• **BRIEF**
Give back exactly the stretch of data below from the line holding "by (simp add: pullback_orders_Psi_tracked" through the line holding "y \<longrightarrow> (x, y)", both ends included, and leave the remaining lines out.

[Dataset entries]
BEGIN

text \<open>The conjugate reverse \<open>y \<mapsto> \<epsilon> f (a (-y))\<close> is \<open>chi\<close>-recurrent as well and agrees with
  \<open>a\<close> on \<open>n\<close> consecutive places.\<close>

lemma hermitian_symmetry_extends:
  assumes inv: "is_involution f" and mon: "lead_coeff chi = 1" and dn: "degree chi = n"
    and reciprocal: "\<And>k. k \<le> n \<Longrightarrow> f (coeff chi (n - k)) = f (coeff chi 0) * coeff chi k"
    and rec: "recurrent chi a (1 - int n) (int n - 1)"
    and m: "n \<le> 2 * m + 1" "m < n"
    and sym: "\<And>t. \<bar>t\<bar> \<le> int m \<Longrightarrow> a (- t) = eps * f (a t)"
    and t: "\<bar>t\<bar> \<le> int n - 1"
  shows "a (- t) = eps * f (a t)"
proof -
  have c0: "coeff chi 0 \<noteq> 0"
    using reciprocal_constant_coeff[OF inv mon dn reciprocal] by auto
  have "a (- t) = eps * f (a (- (- t)))"
  proof (rule recurrent_unique[OF mon dn c0 rec _, where s = "- int m"])
    show "recurrent chi (\<lambda>y. eps * f (a (- y))) (1 - int n) (int n - 1)"
      using recurrent_conj_reverse[OF inv mon dn reciprocal rec, of eps] by simp
    fix y assume "- int m \<le> y" "y < - int m + int n"
    then show "a y = eps * f (a (- y))" using sym[of "- y"] m by simp
  qed (use m t in auto)
  then show ?thesis by simp
qed
(*
  For g > 0 let y_g = (T* T + g)^-1 T* x0 be the minimizer of the Tikhonov functional
  norm (T y - x0)^2 + g norm y^2 and d(g) = norm (T y_g - x0) its discrepancy. With g as a
  Lagrange multiplier, y_g is the extremal vector for the radius d(g), and d maps ]0, oo[ onto
  ]0, norm x0[: it is continuous, tends to 0 at 0 because T has dense range, and exceeds any
  radius below norm x0 for large g.

  Near a fixed g0 > 0 the resolvent identity expands y_g as a power series in g0 - g. The
  optimal value m(g) of the Tikhonov functional is then a power series as well, with
  m'(g) = norm y_g^2, so d^2 = m - g m' extends holomorphically, and its derivative at g0 is
  -g0 m''(g0) > 0. Hence the multiplier belonging to the radius e is, near d(g0), the restriction
  of a holomorphic function that is real on the real axis, and substituting it into the power
  series of y_g gives a power series for the extremal vector around every radius.
*)

theory Submission
  imports Defs "HOL-Complex_Analysis.Complex_Analysis"
begin

section \<open>Tikhonov regularization\<close>

lemma nonneg_quadratic_imp_linear_coeff_zero:
  fixes L M :: real
  assumes nonneg: "\<And>t. 0 \<le> 2 * t * L + t\<^sup>2 * M"
  shows "L = 0"
proof (rule ccontr)
  assume "L \<noteq> 0"
  define a where "a = \<bar>M\<bar> + 1"
  have "a > 0"
    unfolding a_def by simp
  define t where "t = - L / a"
  have ta: "t * a = - L"
    unfolding t_def using \<open>a > 0\<close> by simp
  have "a\<^sup>2 * (2 * t * L + t\<^sup>2 * M) = 2 * (t * a) * L * a + (t * a)\<^sup>2 * M"
    by (simp add: algebra_simps power2_eq_square)
  also have "\<dots> = L\<^sup>2 * (M - 2 * a)"
    unfolding ta by (simp add: algebra_simps power2_eq_square)
  also have "\<dots> < 0"
    using \<open>L \<noteq> 0\<close> unfolding a_def by (intro mult_pos_neg) auto
  finally show False
    using nonneg[of t] \<open>a > 0\<close> by (simp add: mult_less_0_iff)
qed

lemma midpoint_convex_minimizing_seq_Cauchy:
  fixes Q :: "'a::real_normed_vector \<Rightarrow> real"
  assumes "c > 0"
    and convex: "\<And>a b. c * (norm (a - b))\<^sup>2 \<le> Q a + Q b - 2 * Q ((1/2) *\<^sub>R (a + b))"
    and m_le: "\<And>z. m \<le> Q z" and Y: "\<And>n. Q (Y n) < m + inverse (Suc n)"
  shows "Cauchy Y"
proof (rule CauchyI)
  fix e :: real
  assume "e > 0"
  then obtain N where N: "inverse (Suc N) < c * e\<^sup>2 / 2"
    using reals_Archimedean \<open>c > 0\<close> by (metis half_gt_zero mult_pos_pos zero_less_power)
  have "norm (Y i - Y j) < e" if "N \<le> i" "N \<le> j" for i j
  proof -
    have "inverse (Suc i) \<le> inverse (Suc N)" "inverse (Suc j) \<le> inverse (Suc N)"
      using that by (simp_all add: le_imp_inverse_le)
    then have "c * (norm (Y i - Y j))\<^sup>2 < c * e\<^sup>2"
      using convex[of "Y i" "Y j"] m_le[of "(1/2) *\<^sub>R (Y i + Y j)"] Y[of i] Y[of j] N by linarith
    then have "(norm (Y i - Y j))\<^sup>2 < e\<^sup>2"
      using \<open>c > 0\<close> by simp
    then show ?thesis
      using \<open>e > 0\<close> by (simp add: power_less_imp_less_base)
  qed
  then show "\<exists>M. \<forall>i\<ge>M. \<forall>j\<ge>M. norm (Y i - Y j) < e"
    by blast
qed
lemma count_forget_Psi:
  "count (image_mset forget (Psi \<tau>)) (forget \<sigma>)
     = card {R \<in> admissible_orders \<tau>. tree_order_isos \<sigma> (vset \<tau>) R \<noteq> {}}"
proof -
  let ?iso = "\<lambda>R. tree_order_isos \<sigma> (vset \<tau>) R \<noteq> {}"
  have "forget (fst x) = forget \<sigma> \<longleftrightarrow> ?iso (pullback_order (vset \<tau>) (snd x))"
    if "x \<in># Psi_tracked \<tau>" for x
    using tree_order_isos_pullback_order_iff[OF bij_betw_Psi_tracked[OF that]]
      forget_eq_iff_tree_iso[of \<sigma> "fst x"] by metis
  then have "filter_mset (\<lambda>x. forget (fst x) = forget \<sigma>) (Psi_tracked \<tau>)
      = filter_mset (\<lambda>x. ?iso (pullback_order (vset \<tau>) (snd x))) (Psi_tracked \<tau>)"
    by (rule filter_mset_cong0)
  then have "count (image_mset forget (Psi \<tau>)) (forget \<sigma>)
      = size (filter_mset ?iso (image_mset (\<lambda>x. pullback_order (vset \<tau>) (snd x)) (Psi_tracked \<tau>)))"
    by (simp add: count_conv_size_mset image_mset_fst_Psi_tracked[symmetric]
        image_mset.compositionality filter_mset_image_mset o_def)
  also have "\<dots> = card {R \<in> admissible_orders \<tau>. ?iso R}"
    by (simp add: pullback_orders_Psi_tracked finite_admissible_orders)
  finally show ?thesis .
qed

lemma tree_order_iso_admissible_increasing:
  assumes R: "R \<in> admissible_orders \<tau>" and \<phi>: "\<phi> \<in> tree_order_isos \<sigma> (vset \<tau>) R"
  shows "\<forall>v\<in>vset \<sigma>. \<forall>w\<in>vset \<sigma>. strict_prefix v w \<longrightarrow> lll \<tau> (\<phi> v) (\<phi> w)"
    and "\<forall>x\<in>vset \<tau>. \<forall>y\<in>vset \<tau>. strict_prefix x y \<longrightarrow>
      strict_prefix (inv_into (vset \<sigma>) \<phi> x) (inv_into (vset \<sigma>) \<phi> y)"
proof -
  have \<phi>_bij: "bij_betw \<phi> (vset \<sigma>) (vset \<tau>)"
    and \<phi>_ord: "\<forall>v\<in>vset \<sigma>. \<forall>w\<in>vset \<sigma>. (\<phi> v, \<phi> w) \<in> R \<longleftrightarrow> strict_prefix v w"
    using \<phi> by (auto simp: tree_order_isos_def)
  have R_prefix: "\<forall>x\<in>vset \<tau>. \<forall>y\<in>vset \<tau>. strict_prefix x y \<longrightarrow> (x, y) \<in> R"
    and R_lll: "\<forall>(x, y)\<in>R. lll \<tau> x y"
    using R by (auto simp: admissible_orders_def)
  show "\<forall>v\<in>vset \<sigma>. \<forall>w\<in>vset \<sigma>. strict_prefix v w \<longrightarrow> lll \<tau> (\<phi> v) (\<phi> w)"
    using \<phi>_ord R_lll by blast
  have "\<forall>v\<in>vset \<sigma>. \<forall>w\<in>vset \<sigma>. strict_prefix (\<phi> v) (\<phi> w) \<longrightarrow> strict_prefix v w"
    using \<phi>_ord R_prefix bij_betwE[OF \<phi>_bij] by blast
  then show "\<forall>x\<in>vset \<tau>. \<forall>y\<in>vset \<tau>. strict_prefix x y \<longrightarrow>
      strict_prefix (inv_into (vset \<sigma>) \<phi> x) (inv_into (vset \<sigma>) \<phi> y)"
    using bij_betw_ball_inv_into_iff[OF \<phi>_bij] by blast
qed

lemma mem_UN_tree_order_isos_pullback_inv_into:
  assumes \<phi>: "\<phi> \<in> vset \<sigma> \<rightarrow>\<^sub>E vset \<tau>" and \<phi>_bij: "bij_betw \<phi> (vset \<sigma>) (vset \<tau>)"
    and fw: "\<forall>v\<in>vset \<sigma>. \<forall>w\<in>vset \<sigma>. strict_prefix v w \<longrightarrow> lll \<tau> (\<phi> v) (\<phi> w)"
    and bw: "\<forall>x\<in>vset \<tau>. \<forall>y\<in>vset \<tau>. strict_prefix x y \<longrightarrow>
      strict_prefix (inv_into (vset \<sigma>) \<phi> x) (inv_into (vset \<sigma>) \<phi> y)"
  shows "\<phi> \<in> (\<Union>R\<in>admissible_orders \<tau>. tree_order_isos \<sigma> (vset \<tau>) R)"
proof -
  let ?\<psi> = "inv_into (vset \<sigma>) \<phi>"
  have \<psi>_bij: "bij_betw ?\<psi> (vset \<tau>) (vset \<sigma>)" using bij_betw_inv_into[OF \<phi>_bij] .
  have "\<forall>x\<in>vset \<tau>. \<forall>y\<in>vset \<tau>. strict_prefix (?\<psi> x) (?\<psi> y) \<longrightarrow> lll \<tau> x y"
    using fw bij_betwE[OF \<psi>_bij] bij_betw_inv_into_right[OF \<phi>_bij] by metis
  then have "pullback_order (vset \<tau>) ?\<psi> \<in> admissible_orders \<tau>"
    using \<psi>_bij bw by (intro pullback_order_admissible) (simp_all add: bij_betw_def)
  moreover have "\<phi> \<in> tree_order_isos \<sigma> (vset \<tau>) (pullback_order (vset \<tau>) ?\<psi>)"
    using \<phi> \<phi>_bij bij_betwE[OF \<phi>_bij]
    by (auto simp: tree_order_isos_def pullback_order_def bij_betw_inv_into_left)
  ultimately show ?thesis by blast
qed

lemma btilde_eq_card_UN_tree_order_isos:
  "btilde \<sigma> \<tau> = card (\<Union>R\<in>admissible_orders \<tau>. tree_order_isos \<sigma> (vset \<tau>) R)"
  unfolding btilde_def
proof (intro arg_cong[where f = card] subset_antisym subsetI)
  fix \<phi> assume "\<phi> \<in> (\<Union>R\<in>admissible_orders \<tau>. tree_order_isos \<sigma> (vset \<tau>) R)"
  then obtain R where "R \<in> admissible_orders \<tau>" "\<phi> \<in> tree_order_isos \<sigma> (vset \<tau>) R" by blast
  then show "\<phi> \<in> {\<phi> \<in> vset \<sigma> \<rightarrow>\<^sub>E vset \<tau>. bij_betw \<phi> (vset \<sigma>) (vset \<tau>)
      \<and> (\<forall>v\<in>vset \<sigma>. \<forall>w\<in>vset \<sigma>. strict_prefix v w \<longrightarrow> lll \<tau> (\<phi> v) (\<phi> w))
      \<and> (\<forall>x\<in>vset \<tau>. \<forall>y\<in>vset \<tau>. strict_prefix x y \<longrightarrow>
            strict_prefix (inv_into (vset \<sigma>) \<phi> x) (inv_into (vset \<sigma>) \<phi> y))}"
    using tree_order_iso_admissible_increasing by (auto simp: tree_order_isos_def)
qed (elim CollectE conjE, rule mem_UN_tree_order_isos_pullback_inv_into)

END

• **SOLUTION FOR THIS PROBLEM**
    by (simp add: pullback_orders_Psi_tracked finite_admissible_orders)
  finally show ?thesis .
qed

lemma tree_order_iso_admissible_increasing:
  assumes R: "R \<in> admissible_orders \<tau>" and \<phi>: "\<phi> \<in> tree_order_isos \<sigma> (vset \<tau>) R"
  shows "\<forall>v\<in>vset \<sigma>. \<forall>w\<in>vset \<sigma>. strict_prefix v w \<longrightarrow> lll \<tau> (\<phi> v) (\<phi> w)"
    and "\<forall>x\<in>vset \<tau>. \<forall>y\<in>vset \<tau>. strict_prefix x y \<longrightarrow>
      strict_prefix (inv_into (vset \<sigma>) \<phi> x) (inv_into (vset \<sigma>) \<phi> y)"
proof -
  have \<phi>_bij: "bij_betw \<phi> (vset \<sigma>) (vset \<tau>)"
    and \<phi>_ord: "\<forall>v\<in>vset \<sigma>. \<forall>w\<in>vset \<sigma>. (\<phi> v, \<phi> w) \<in> R \<longleftrightarrow> strict_prefix v w"
    using \<phi> by (auto simp: tree_order_isos_def)
  have R_prefix: "\<forall>x\<in>vset \<tau>. \<forall>y\<in>vset \<tau>. strict_prefix x y \<longrightarrow> (x, y) \<in> R"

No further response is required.